┌─ INPUT DATA
(* Let $G$ be a connected graph, $k \ge 2$ an integer, and $\Pi_1, \Pi_2 \in \mathrm{Part}(G,k)$. Then there exists a block vertex $v \in V(G)$ such that a sequence of at most three recombination moves transforms $\Pi_1$ into a connected $k$-partition in which $\{v\}$ is a district, and a sequence of at most three recombination moves transforms $\Pi_2$ into a connected $k$-partition in which $\{v\}$ is a district.
   Context: For a graph $G$ and positive integer $k$, a connected $k$-partition of $G$ is a partition of $V(G)$ into $k$ disjoint nonempty sets $V_1,\dots,V_k$ (called districts) such that each induced subgraph $G[V_i]$ is connected; $\mathrm{Part}(G,k)$ denotes the set of all connected $k$-partitions of $G$. Two distinct connected $k$-partitions $\{V_1,\dots,V_k\}$ and $\{W_1,\dots,W_k\}$ are related by a recombination move if there are indices $i,j$ and a permutation $\pi$ of $\{1,\dots,k\}$ with $V_i \cup V_j = W_{\pi(i)} \cup W_{\pi(j)}$ and $V_\ell = W_{\pi(\ell)}$ for all $\ell \notin \{i,j\}$ (here there is no size restriction on districts). A block is a maximal biconnected component; a vertex is a cut vertex if it lies in two or more blocks, and a block vertex otherwise. *)

theory Defs
  imports Main
begin

definition simple_graph :: "'a set \<Rightarrow> ('a \<Rightarrow> 'a \<Rightarrow> bool) \<Rightarrow> bool" where
  "simple_graph V E \<longleftrightarrow> finite V \<and> (\<forall>x y. E x y \<longrightarrow> x \<in> V \<and> y \<in> V)
     \<and> (\<forall>x y. E x y \<longrightarrow> E y x) \<and> (\<forall>x. \<not> E x x)"

definition connected_on :: "('a \<Rightarrow> 'a \<Rightarrow> bool) \<Rightarrow> 'a set \<Rightarrow> bool" where
  "connected_on E S \<longleftrightarrow> S \<noteq> {} \<and>
     (\<forall>x\<in>S. \<forall>y\<in>S. (\<lambda>a b. a \<in> S \<and> b \<in> S \<and> E a b)\<^sup>*\<^sup>* x y)"

definition conn_partition :: "'a set \<Rightarrow> ('a \<Rightarrow> 'a \<Rightarrow> bool) \<Rightarrow> nat \<Rightarrow> 'a set set \<Rightarrow> bool" where
  "conn_partition V E k P \<longleftrightarrow> \<Union>P = V \<and> (\<forall>A\<in>P. \<forall>B\<in>P. A \<noteq> B \<longrightarrow> A \<inter> B = {})
     \<and> (\<forall>A\<in>P. A \<noteq> {} \<and> connected_on E A) \<and> finite P \<and> card P = k"

definition recomb_move :: "'a set \<Rightarrow> ('a \<Rightarrow> 'a \<Rightarrow> bool) \<Rightarrow> nat \<Rightarrow> 'a set set \<Rightarrow> 'a set set \<Rightarrow> bool" where
  "recomb_move V E k P Q \<longleftrightarrow> conn_partition V E k P \<and> conn_partition V E k Q \<and> P \<noteq> Q \<and>
     (\<exists>A\<in>P. \<exists>B\<in>P. \<exists>C\<in>Q. \<exists>D\<in>Q. A \<noteq> B \<and> C \<noteq> D \<and> A \<union> B = C \<union> D \<and> P - {A, B} = Q - {C, D})"

definition nonseparable :: "'a set \<Rightarrow> ('a \<Rightarrow> 'a \<Rightarrow> bool) \<Rightarrow> 'a set \<Rightarrow> bool" where
  "nonseparable V E B \<longleftrightarrow> B \<subseteq> V \<and> connected_on E B \<and>
     (\<forall>x\<in>B. B - {x} \<noteq> {} \<longrightarrow> connected_on E (B - {x}))"

definition is_block :: "'a set \<Rightarrow> ('a \<Rightarrow> 'a \<Rightarrow> bool) \<Rightarrow> 'a set \<Rightarrow> bool" where
  "is_block V E B \<longleftrightarrow> nonseparable V E B \<and> (\<forall>C. nonseparable V E C \<and> B \<subseteq> C \<longrightarrow> C = B)"

definition cut_vertex :: "'a set \<Rightarrow> ('a \<Rightarrow> 'a \<Rightarrow> bool) \<Rightarrow> 'a \<Rightarrow> bool" where
  "cut_vertex V E v \<longleftrightarrow> (\<exists>B1 B2. is_block V E B1 \<and> is_block V E B2 \<and> B1 \<noteq> B2 \<and> v \<in> B1 \<and> v \<in> B2)"

definition block_vertex :: "'a set \<Rightarrow> ('a \<Rightarrow> 'a \<Rightarrow> bool) \<Rightarrow> 'a \<Rightarrow> bool" where
  "block_vertex V E v \<longleftrightarrow> v \<in> V \<and> \<not> cut_vertex V E v"

end

theory Submission
  imports Defs
begin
└─
● ACTIVITY: Retype the records above exactly, from their first line through the line that contains "(\<forall>A\<in>P. A \<noteq>", and stop there.

● RESULT OF THIS EXERCISE:
(* Let $G$ be a connected graph, $k \ge 2$ an integer, and $\Pi_1, \Pi_2 \in \mathrm{Part}(G,k)$. Then there exists a block vertex $v \in V(G)$ such that a sequence of at most three recombination moves transforms $\Pi_1$ into a connected $k$-partition in which $\{v\}$ is a district, and a sequence of at most three recombination moves transforms $\Pi_2$ into a connected $k$-partition in which $\{v\}$ is a district.
   Context: For a graph $G$ and positive integer $k$, a connected $k$-partition of $G$ is a partition of $V(G)$ into $k$ disjoint nonempty sets $V_1,\dots,V_k$ (called districts) such that each induced subgraph $G[V_i]$ is connected; $\mathrm{Part}(G,k)$ denotes the set of all connected $k$-partitions of $G$. Two distinct connected $k$-partitions $\{V_1,\dots,V_k\}$ and $\{W_1,\dots,W_k\}$ are related by a recombination move if there are indices $i,j$ and a permutation $\pi$ of $\{1,\dots,k\}$ with $V_i \cup V_j = W_{\pi(i)} \cup W_{\pi(j)}$ and $V_\ell = W_{\pi(\ell)}$ for all $\ell \notin \{i,j\}$ (here there is no size restriction on districts). A block is a maximal biconnected component; a vertex is a cut vertex if it lies in two or more blocks, and a block vertex otherwise. *)

theory Defs
  imports Main
begin

definition simple_graph :: "'a set \<Rightarrow> ('a \<Rightarrow> 'a \<Rightarrow> bool) \<Rightarrow> bool" where
  "simple_graph V E \<longleftrightarrow> finite V \<and> (\<forall>x y. E x y \<longrightarrow> x \<in> V \<and> y \<in> V)
     \<and> (\<forall>x y. E x y \<longrightarrow> E y x) \<and> (\<forall>x. \<not> E x x)"

definition connected_on :: "('a \<Rightarrow> 'a \<Rightarrow> bool) \<Rightarrow> 'a set \<Rightarrow> bool" where
  "connected_on E S \<longleftrightarrow> S \<noteq> {} \<and>
     (\<forall>x\<in>S. \<forall>y\<in>S. (\<lambda>a b. a \<in> S \<and> b \<in> S \<and> E a b)\<^sup>*\<^sup>* x y)"

definition conn_partition :: "'a set \<Rightarrow> ('a \<Rightarrow> 'a \<Rightarrow> bool) \<Rightarrow> nat \<Rightarrow> 'a set set \<Rightarrow> bool" where
  "conn_partition V E k P \<longleftrightarrow> \<Union>P = V \<and> (\<forall>A\<in>P. \<forall>B\<in>P. A \<noteq> B \<longrightarrow> A \<inter> B = {})
     \<and> (\<forall>A\<in>P. A \<noteq> {} \<and> connected_on E A) \<and> finite P \<and> card P = k"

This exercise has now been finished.